- **WHAT YOU SHOULD DO**: Please print each record that follows precisely as it appears.

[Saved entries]
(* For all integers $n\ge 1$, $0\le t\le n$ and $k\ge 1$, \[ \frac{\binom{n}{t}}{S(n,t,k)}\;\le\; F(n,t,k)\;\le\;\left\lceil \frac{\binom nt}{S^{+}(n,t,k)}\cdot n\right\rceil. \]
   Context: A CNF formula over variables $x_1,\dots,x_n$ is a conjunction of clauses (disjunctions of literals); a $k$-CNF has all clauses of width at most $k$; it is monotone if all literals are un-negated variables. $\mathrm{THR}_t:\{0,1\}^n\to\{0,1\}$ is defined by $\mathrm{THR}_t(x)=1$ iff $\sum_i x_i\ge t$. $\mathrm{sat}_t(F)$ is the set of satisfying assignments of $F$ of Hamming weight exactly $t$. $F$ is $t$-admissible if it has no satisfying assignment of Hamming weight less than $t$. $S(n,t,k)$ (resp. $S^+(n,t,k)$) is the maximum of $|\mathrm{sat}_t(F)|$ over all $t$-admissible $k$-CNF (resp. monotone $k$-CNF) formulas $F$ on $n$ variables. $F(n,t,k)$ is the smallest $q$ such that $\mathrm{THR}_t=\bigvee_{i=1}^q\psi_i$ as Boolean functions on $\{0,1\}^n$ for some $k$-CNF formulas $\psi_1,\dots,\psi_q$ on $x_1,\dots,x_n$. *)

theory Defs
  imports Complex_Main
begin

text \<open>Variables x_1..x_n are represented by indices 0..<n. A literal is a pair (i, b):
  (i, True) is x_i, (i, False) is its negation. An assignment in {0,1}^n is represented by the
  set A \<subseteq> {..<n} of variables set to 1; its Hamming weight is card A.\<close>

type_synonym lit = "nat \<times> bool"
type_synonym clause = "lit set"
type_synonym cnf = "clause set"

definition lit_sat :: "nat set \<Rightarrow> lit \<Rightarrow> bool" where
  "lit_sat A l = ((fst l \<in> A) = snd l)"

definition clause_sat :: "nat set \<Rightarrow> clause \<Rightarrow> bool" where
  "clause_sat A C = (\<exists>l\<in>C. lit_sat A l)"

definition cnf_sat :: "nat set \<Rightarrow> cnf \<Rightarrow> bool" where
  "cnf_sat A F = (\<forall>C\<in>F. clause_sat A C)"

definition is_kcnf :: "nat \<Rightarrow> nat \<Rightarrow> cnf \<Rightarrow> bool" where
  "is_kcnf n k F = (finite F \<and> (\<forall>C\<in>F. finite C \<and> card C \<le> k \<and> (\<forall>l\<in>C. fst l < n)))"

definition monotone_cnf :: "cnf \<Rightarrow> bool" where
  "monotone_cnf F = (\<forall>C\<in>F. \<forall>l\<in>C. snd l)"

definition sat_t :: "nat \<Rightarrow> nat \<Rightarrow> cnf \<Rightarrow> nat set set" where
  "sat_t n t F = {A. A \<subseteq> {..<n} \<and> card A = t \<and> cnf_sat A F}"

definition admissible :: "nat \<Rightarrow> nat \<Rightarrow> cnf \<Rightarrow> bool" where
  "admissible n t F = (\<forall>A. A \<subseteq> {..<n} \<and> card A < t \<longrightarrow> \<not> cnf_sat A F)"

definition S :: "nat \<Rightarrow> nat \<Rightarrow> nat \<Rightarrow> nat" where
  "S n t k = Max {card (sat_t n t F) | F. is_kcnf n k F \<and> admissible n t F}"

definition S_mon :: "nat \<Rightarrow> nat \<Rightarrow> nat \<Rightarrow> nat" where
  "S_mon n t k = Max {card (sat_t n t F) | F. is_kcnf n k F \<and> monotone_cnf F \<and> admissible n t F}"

- **EXPECTED OUTPUT**:
(* For all integers $n\ge 1$, $0\le t\le n$ and $k\ge 1$, \[ \frac{\binom{n}{t}}{S(n,t,k)}\;\le\; F(n,t,k)\;\le\;\left\lceil \frac{\binom nt}{S^{+}(n,t,k)}\cdot n\right\rceil. \]
   Context: A CNF formula over variables $x_1,\dots,x_n$ is a conjunction of clauses (disjunctions of literals); a $k$-CNF has all clauses of width at most $k$; it is monotone if all literals are un-negated variables. $\mathrm{THR}_t:\{0,1\}^n\to\{0,1\}$ is defined by $\mathrm{THR}_t(x)=1$ iff $\sum_i x_i\ge t$. $\mathrm{sat}_t(F)$ is the set of satisfying assignments of $F$ of Hamming weight exactly $t$. $F$ is $t$-admissible if it has no satisfying assignment of Hamming weight less than $t$. $S(n,t,k)$ (resp. $S^+(n,t,k)$) is the maximum of $|\mathrm{sat}_t(F)|$ over all $t$-admissible $k$-CNF (resp. monotone $k$-CNF) formulas $F$ on $n$ variables. $F(n,t,k)$ is the smallest $q$ such that $\mathrm{THR}_t=\bigvee_{i=1}^q\psi_i$ as Boolean functions on $\{0,1\}^n$ for some $k$-CNF formulas $\psi_1,\dots,\psi_q$ on $x_1,\dots,x_n$. *)

theory Defs
  imports Complex_Main
begin

text \<open>Variables x_1..x_n are represented by indices 0..<n. A literal is a pair (i, b):
  (i, True) is x_i, (i, False) is its negation. An assignment in {0,1}^n is represented by the
  set A \<subseteq> {..<n} of variables set to 1; its Hamming weight is card A.\<close>

type_synonym lit = "nat \<times> bool"
type_synonym clause = "lit set"
type_synonym cnf = "clause set"

definition lit_sat :: "nat set \<Rightarrow> lit \<Rightarrow> bool" where
  "lit_sat A l = ((fst l \<in> A) = snd l)"

definition clause_sat :: "nat set \<Rightarrow> clause \<Rightarrow> bool" where
  "clause_sat A C = (\<exists>l\<in>C. lit_sat A l)"

definition cnf_sat :: "nat set \<Rightarrow> cnf \<Rightarrow> bool" where
  "cnf_sat A F = (\<forall>C\<in>F. clause_sat A C)"

definition is_kcnf :: "nat \<Rightarrow> nat \<Rightarrow> cnf \<Rightarrow> bool" where
  "is_kcnf n k F = (finite F \<and> (\<forall>C\<in>F. finite C \<and> card C \<le> k \<and> (\<forall>l\<in>C. fst l < n)))"

definition monotone_cnf :: "cnf \<Rightarrow> bool" where
  "monotone_cnf F = (\<forall>C\<in>F. \<forall>l\<in>C. snd l)"

definition sat_t :: "nat \<Rightarrow> nat \<Rightarrow> cnf \<Rightarrow> nat set set" where
  "sat_t n t F = {A. A \<subseteq> {..<n} \<and> card A = t \<and> cnf_sat A F}"

definition admissible :: "nat \<Rightarrow> nat \<Rightarrow> cnf \<Rightarrow> bool" where
  "admissible n t F = (\<forall>A. A \<subseteq> {..<n} \<and> card A < t \<longrightarrow> \<not> cnf_sat A F)"

definition S :: "nat \<Rightarrow> nat \<Rightarrow> nat \<Rightarrow> nat" where
  "S n t k = Max {card (sat_t n t F) | F. is_kcnf n k F \<and> admissible n t F}"

definition S_mon :: "nat \<Rightarrow> nat \<Rightarrow> nat \<Rightarrow> nat" where
  "S_mon n t k = Max {card (sat_t n t F) | F. is_kcnf n k F \<and> monotone_cnf F \<and> admissible n t F}"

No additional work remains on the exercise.